> **Task item**:
All lines after the one containing "(nat \<Rightarrow> 'a \<Rightarrow> bool)", together with that line itself, should be written out exactly, down to the last line of the entries below.
Records provided Block Start
(* Consider the repeated long trading strategy described in the context, and let $\mu_t=\frac1t\ln\frac{W_t}{W_0}$. If the first two moments of the trade length are finite, then $\mathbb{V}[\mu_t]=O(1/t)$ as $t\to\infty$.
   Context: An investor can hold a risk-free asset with zero interest rate and a risky security with price $p_t=e^{X_t}$, where $(X_t)_{t\ge0}$ is a continuous stochastic process. Transaction costs are proportional to the price, with total cost parameter $c>0$ per trade. Fix levels $L<D<U$ with $U-D>c$ and a leverage $f\ge0$. The strategy: when $X$ reaches $D$, invest the fraction $f$ of the whole wealth in the risky security; close the position the first time $X$ leaves $(L,U)$, at $U$ (positive scenario) or at $L$ (negative scenario); then wait for $X$ to return to $D$ and repeat. Let $\tau_e=\inf\{t:X_t\notin(L,U)\}$ with $X_0=D$, $p^+=\mathbb{P}[X_{\tau_e}=U\mid X_0=D]$, $p^-=1-p^+$. The trade length is the time between two successive trades: $\tau^+=\tau_e+\inf\{t:X_t\le D\mid X_0=U\}$ in the positive scenario and $\tau^-=\tau_e+\inf\{t:X_t\ge D\mid X_0=L\}$ in the negative scenario; its distribution is the mixture with weights $p^+,p^-$ of those of $\tau^+,\tau^-$. Set $v^\pm$ by $v^+=e^{U-D-c}-1$, $v^-=e^{L-D-c}-1$. The wealth at successive trade times satisfies $W_{t_{i+1}}=W_{t_i}(1+fv)$ with $v=v^+$ (positive scenario) or $v=v^-$ (negative scenario), and $W_t$ is the wealth right after the last trade before $t$. Successive trades (outcomes and trade lengths) are independent and identically distributed, so the trade times form an ordinary renewal process. *)

theory Defs
  imports "HOL-Probability.Probability" "HOL-Library.Landau_Symbols"
begin

definition vplus :: "real \<Rightarrow> real \<Rightarrow> real \<Rightarrow> real" where
  "vplus D U c = exp (U - D - c) - 1"

definition vminus :: "real \<Rightarrow> real \<Rightarrow> real \<Rightarrow> real" where
  "vminus L D c = exp (L - D - c) - 1"

text \<open>Wealth multiplier of one trade with leverage f; outcome True = positive scenario
  (exit at U), False = negative scenario (exit at L).\<close>
definition trade_factor :: "real \<Rightarrow> real \<Rightarrow> real \<Rightarrow> real \<Rightarrow> real \<Rightarrow> bool \<Rightarrow> real" where
  "trade_factor f L D U c s = 1 + f * (if s then vplus D U c else vminus L D c)"

text \<open>Measurable space of one trade: (outcome, trade length).\<close>
definition trade_space :: "(bool \<times> real) measure" where
  "trade_space = count_space UNIV \<Otimes>\<^sub>M borel"

definition num_trades :: "(nat \<Rightarrow> 'a \<Rightarrow> real) \<Rightarrow> real \<Rightarrow> 'a \<Rightarrow> nat" where
  "num_trades T t \<omega> = card {n. 1 \<le> n \<and> (\<Sum>i<n. T i \<omega>) \<le> t}"

definition wealth :: "real \<Rightarrow> real \<Rightarrow> real \<Rightarrow> real \<Rightarrow> real \<Rightarrow> real \<Rightarrow>
    (nat \<Rightarrow> 'a \<Rightarrow> bool) \<Rightarrow> (nat \<Rightarrow> 'a \<Rightarrow> real) \<Rightarrow> real \<Rightarrow> 'a \<Rightarrow> real" where
  "wealth W0 f L D U c S T t \<omega> =
     W0 * (\<Prod>i<num_trades T t \<omega>. trade_factor f L D U c (S i \<omega>))"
Records provided Block End
> **Task solution**:
    (nat \<Rightarrow> 'a \<Rightarrow> bool) \<Rightarrow> (nat \<Rightarrow> 'a \<Rightarrow> real) \<Rightarrow> real \<Rightarrow> 'a \<Rightarrow> real" where
  "wealth W0 f L D U c S T t \<omega> =
     W0 * (\<Prod>i<num_trades T t \<omega>. trade_factor f L D U c (S i \<omega>))"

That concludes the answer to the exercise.